The Bus Stops Here: Time to rethink transfer points, again



Transfer points were developed to address Madison's rapid growth, but political forces have seen them placed at inconvenient locations (Courtesy photo)Transfer points were developed to address Madison's rapid growth, but political forces have seen them placed at inconvenient locations (Courtesy photo)

-- The Bus Stops Here is produced monthly by members of Madison  Area Bus Advocates

Maybe it is just due to the weariness of having wrangled over the issue of transfer points cum bus hubs for so many years, but the latest five-year Transit Development Plan formally adopted in March and April of 2013 explicitly skirts the issue of transfer point location while focusing on bus stop elimination. 

Such judgment appears curious because Madison’s future depends on a healthy, vibrant, public transportation system on par (or better) with what people expect of any progressive, forward-looking urban area.  Curious, because current transfer point locations are an acknowledged disaster, whether because of safety and cost, bus routing and scheduling, or a hoped-for future Bus Rapid Transit system. 

If the main justification for system changes is that they boost ridership, can one honestly expect that ignoring the unappealing nature of the current transfer points until 2018 at the earliest will boost ridership?

Or maybe the idea is to simply compound one error after another and route buses to bypass the unpopular transfer points rather than making those stops the appealing, vibrant, and bustling places they could and should be?  Seriously, people are suggesting this.

The following is a very brief background into the current placement and condition of the transfer points that were established in July of 1998 after years of wrangling. Those stations are not only pivotal, they are also very different from what was originally proposed.

Madison more than doubled in land area between 1960 and 2010, primarily by annexing undeveloped neighboring land in a short-sighted attempt to add property to the tax rolls while discounting the debt it was acquiring for upgrading and maintaining infrastructure  (A map from the city’s 2005 Comprehensive Plan tells the story well).  In 1960 Madison had 35.7 square miles of land.   In 2010, it had 76.8 square miles of land.

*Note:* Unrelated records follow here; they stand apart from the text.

text \<open>Entry written at a cell for vertex v when R is the set of edges not yet entered.\<close>
definition cell_entry :: "'a set rel \<Rightarrow> 'a set set \<Rightarrow> 'a \<Rightarrow> 'a set option" where
  "cell_entry lE R v = (if \<exists>e\<in>R. v \<in> e then Some (max_rel lE {e\<in>R. v \<in> e}) else None)"

text \<open>Edges not yet entered before processing the k-th cell (0-based) in lex order;
  cell k is (row k div |V| + 1, vertex number k mod |V|).\<close>
primrec ht_rem :: "'a set \<Rightarrow> 'a rel \<Rightarrow> 'a set set \<Rightarrow> 'a set rel \<Rightarrow> nat \<Rightarrow> 'a set set" where
  "ht_rem V lV E lE 0 = E"
| "ht_rem V lV E lE (Suc k) = ht_rem V lV E lE k
     - set_option (cell_entry lE (ht_rem V lV E lE k) (vlist V lV ! (k mod card V)))"

text \<open>The height table: entry at (i, v) for i \<ge> 1 and v \<in> V (None = blank).\<close>
definition HT :: "'a set \<Rightarrow> 'a rel \<Rightarrow> 'a set set \<Rightarrow> 'a set rel \<Rightarrow> nat \<Rightarrow> 'a \<Rightarrow> 'a set option" where
  "HT V lV E lE i v = (if 1 \<le> i \<and> v \<in> V
     then cell_entry lE (ht_rem V lV E lE ((i - 1) * card V + vpos V lV v)) v else None)"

Newer developments tended to use much more space - whereas older Madison neighborhoods might average ten or more people per acre (including everything, not just residences), peripheral neighborhoods might average half or less.

The auto-centric sprawl included the establishment of such peripheral shopping malls as East Towne and West Towne, and the relocation of centrally-located retail, employment centers and warehouses.

Though many planners now might think land use and transportation too interconnected to reasonably consider one without the other, most planners involved in the 2005 Comprehensive Plan did not. Metro planners did of course, linking the peripheral growth to a decline in ridership from 13.8 million passengers in 1981 to 8.9 million by 1989 even as the city’s population grew from 170,616 in 1980 to 190,766 in 1990.  If it were to survive, the system had to change from focusing exclusively on downtown.

Metro proposed the location of two hubs along what it called a “transit priority corridor” between the East and West Towne shopping malls. With them, travelers would not have to go all the way downtown to catch a bus going out in a different direction.  Metro procured a federal grant for 75 percent of the design and construction cost of hubs envisioned to be “... enclosed, climate-controlled buildings adjacent to bus parking bays” (p. 2).  There would be canopies over the boarding areas, enclosed waiting areas, camera monitors, lighting, signs, and landscaping. Just imagine that when it is 5 degrees out!

Plans were for the eastern hub to be in the parking area behind the Madison East Shopping Center and for the western hub to be on Vernon Boulevard between Segoe Road. and Midvale Blvd., an area that stays curiously unused to this day. 

The community exploded in opposition. There were the usual objections – traffic, lost parking space, noise, exhaust fumes – but whether said or not was also the stigma associated with the bus: “We are too good to ride the bus and do not want a bus hub located in our neighborhood.  Bus riders are predominantly poor, minority, elderly, disabled, or undesirable for some other reason, and we do not want them to congregate close to where we live.”

There even developed a formal Hilldale Area Citizens Committee whose reason for existence was to oppose a bus hub at Vernon Boulevard and a group on the east side to oppose a hub on Winnebago.

The original hub proposal was withdrawn in late 1990, but that did not mean the need for change withdrew as well.  Instead, Metro wanted to make a plan that would address as many concerns as possible.

Unfortunately, the lessons learned led to a far inferior set of transfer points that could be described as self-fulfilling prophecy and will hopefully be changed.  For one, the sites were away from residential areas although one might think it most convenient to be able to walk over to a major bus hub.  “What?  Walk, not drive?”

For two, there would be no enclosed waiting area.  The comfort and convenience of people who actually ride the bus and need to transfer could not trump the concern of others that enclosed shelters would attract loiterers and vagrants.  Why should the comfort of second-class citizen bus riders matter anyway?

For three, other amenities such as bathrooms or comfortable seating would likewise be eliminated to discourage loitering.  Discouraging everyone is more like it.

Surely Madison is better than this.  It is time to rethink the whole thing.